Take each line of the records below that contains the string "bullet" and copy it.

======== Provided records ========

lemma opt_makespan_pair_instance_le:
  assumes n: "2 \<le> n" and "0 < \<delta>"
  shows "opt_makespan n (pair_instance1 y \<delta>) (pair_instance2 x \<delta>) \<le> 1 + real n * \<delta>"
proof -
  define S where "S = {..<n} - {1}"
  have "(\<Sum>j\<in>S. pair_instance1 y \<delta> j) = 1 + (\<Sum>j\<in>S - {0}. \<delta>)"
    using n by (subst sum.remove[of S 0]) (auto simp: S_def pair_instance1_def intro!: sum.cong)
  also have "\<dots> \<le> 1 + real n * \<delta>"
    using \<open>0 < \<delta>\<close> card_mono[of "{..<n}" "S - {0}"] by (auto simp: S_def intro!: mult_right_mono)
  finally have "makespan n (pair_instance1 y \<delta>) (pair_instance2 x \<delta>) S \<le> 1 + real n * \<delta>"
    using n \<open>0 < \<delta>\<close> by (simp add: makespan_def S_def Diff_Diff_Int pair_instance2_def)
  moreover have "opt_makespan n (pair_instance1 y \<delta>) (pair_instance2 x \<delta>)
      \<le> makespan n (pair_instance1 y \<delta>) (pair_instance2 x \<delta>) S"
    by (rule opt_makespan_le) (simp add: S_def)
  ultimately show ?thesis
    by linarith
qed

lemma Cn_phi_le_approx_ratio:
  assumes Cn: "Cn n P" and n: "2 \<le> n" and xy: "0 < x" "0 < y"
  shows "ereal (phi P x y) \<le> approx_ratio n P"
proof (rule ereal_le_real)
  fix c assume ratio_le: "approx_ratio n P \<le> ereal c"
  have bound: "phi P x y / (1 + real n * \<delta>) \<le> c" if "0 < \<delta>" for \<delta>
  proof -
    let ?t1 = "pair_instance1 y \<delta>" and ?t2 = "pair_instance2 x \<delta>"
    have "0 < opt_makespan n ?t1 ?t2"
      using n xy that by (intro opt_makespan_pos pos_matrix_pair_instance) auto
    then have "phi P x y / (1 + real n * \<delta>) \<le> exp_makespan n P ?t1 ?t2 / opt_makespan n ?t1 ?t2"
      using opt_makespan_pair_instance_le[OF n that] Cn_phi_le_exp_makespan_pair_instance[OF Cn n xy that]
        Cn_phi_nonneg[OF Cn n xy]
      by (intro frac_le) auto
    then have "ereal (phi P x y / (1 + real n * \<delta>)) \<le> ereal (exp_makespan n P ?t1 ?t2 / opt_makespan n ?t1 ?t2)"
      by simp
    also have "\<dots> \<le> approx_ratio n P"
      unfolding approx_ratio_def
      by (rule SUP_upper2[of "(?t1, ?t2)"]) (use xy that pos_matrix_pair_instance in auto)
    also note ratio_le
    finally show ?thesis
      by simp
  qed
  have "((\<lambda>\<delta>. phi P x y / (1 + real n * \<delta>)) \<longlongrightarrow> phi P x y) (at_right 0)"
    by (auto intro!: tendsto_eq_intros)
  moreover have "eventually (\<lambda>\<delta>. phi P x y / (1 + real n * \<delta>) \<le> c) (at_right 0)"
    using bound by (intro eventually_at_rightI[of 0 1]) auto
  ultimately have "phi P x y \<le> c"
    by (rule tendsto_upperbound) simp
  then show "ereal (phi P x y) \<le> ereal c"
    by simp
qed

theorem theorem5:
  fixes n :: nat and P :: "(nat \<Rightarrow> real) measure"
  assumes "n \<ge> 2" and "Cn n P"
  shows "approx_ratio n P = (SUP xy\<in>{xy::real\<times>real. 0 < fst xy \<and> 0 < snd xy}.
             ereal (phi P (fst xy) (snd xy)))"
proof (rule antisym)
  show "approx_ratio n P \<le> (SUP xy\<in>{xy. 0 < fst xy \<and> 0 < snd xy}. ereal (phi P (fst xy) (snd xy)))"
  proof (rule ereal_le_real)
    fix c assume "(SUP xy\<in>{xy. 0 < fst xy \<and> 0 < snd xy}. ereal (phi P (fst xy) (snd xy))) \<le> ereal c"
    then have "phi P x y \<le> c" if "0 < x" "0 < y" for x y
      using that by (auto simp: SUP_le_iff)
    then show "approx_ratio n P \<le> ereal c"
      by (rule Cn_approx_ratio_le[OF assms(2,1)])
  qed
  show "(SUP xy\<in>{xy. 0 < fst xy \<and> 0 < snd xy}. ereal (phi P (fst xy) (snd xy))) \<le> approx_ratio n P"
    using Cn_phi_le_approx_ratio[OF assms(2,1)] by (auto intro!: SUP_least)
qed

end
lemma mem_screw_line_iff_cross:
  assumes w: "w \<noteq> 0"
  shows "p \<in> screw_line w v \<longleftrightarrow> (v - p \<times> w) \<times> w = 0"
proof
  assume "p \<in> screw_line w v"
  then show "(v - p \<times> w) \<times> w = 0" by (simp add: screw_line_def cross_mult_left)
next
  assume "(v - p \<times> w) \<times> w = 0"
  then have "w \<times> (v - p \<times> w) = 0" using cross_skew[of "v - p \<times> w" w] by simp
  then have "v - p \<times> w = ((w \<bullet> (v - p \<times> w)) / (w \<bullet> w)) *\<^sub>R w"
    by (rule cross_eq_0_imp_parallel[OF w])
  also have "w \<bullet> (v - p \<times> w) = w \<bullet> v" by (simp add: inner_diff_right dot_cross_self)
  finally show "p \<in> screw_line w v" by (simp add: screw_line_def screw_pitch_def algebra_simps)
qed

lemma screw_line_base_point:
  assumes "w \<noteq> 0"
  shows "(1 / (w \<bullet> w)) *\<^sub>R (w \<times> v) \<in> screw_line w v"
proof -
  have "(w \<times> v) \<times> w = (w \<bullet> w) *\<^sub>R v - (w \<bullet> v) *\<^sub>R w"
    using cross_skew[of "w \<times> v" w] by (simp add: Lagrange)
  then show ?thesis
    using assms by (simp add: screw_line_def screw_pitch_def cross_mult_left scaleR_diff_right)
qed

lemma screw_line_translate: "p \<in> screw_line w v \<Longrightarrow> p + t *\<^sub>R w \<in> screw_line w v"
  by (simp add: screw_line_def cross_add_left cross_mult_left)

lemma screw_line_diff_parallel:
  assumes "w \<noteq> 0" "p \<in> screw_line w v" "p' \<in> screw_line w v"
  obtains t where "p' = p + t *\<^sub>R w"
proof -
  have "(p' - p) \<times> w = 0"
    using assms(2,3) by (simp add: screw_line_def Cross3.left_diff_distrib)
  then have "w \<times> (p' - p) = 0" using cross_skew[of "p' - p" w] by simp
  then have "p' - p = ((w \<bullet> (p' - p)) / (w \<bullet> w)) *\<^sub>R w"
    by (rule cross_eq_0_imp_parallel[OF assms(1)])
  then show ?thesis using that by (metis add.commute diff_add_cancel)
qed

========

**Solution for this exercise**:
  then have "v - p \<times> w = ((w \<bullet> (v - p \<times> w)) / (w \<bullet> w)) *\<^sub>R w"
  also have "w \<bullet> (v - p \<times> w) = w \<bullet> v" by (simp add: inner_diff_right dot_cross_self)
  shows "(1 / (w \<bullet> w)) *\<^sub>R (w \<times> v) \<in> screw_line w v"
  have "(w \<times> v) \<times> w = (w \<bullet> w) *\<^sub>R v - (w \<bullet> v) *\<^sub>R w"
  then have "p' - p = ((w \<bullet> (p' - p)) / (w \<bullet> w)) *\<^sub>R w"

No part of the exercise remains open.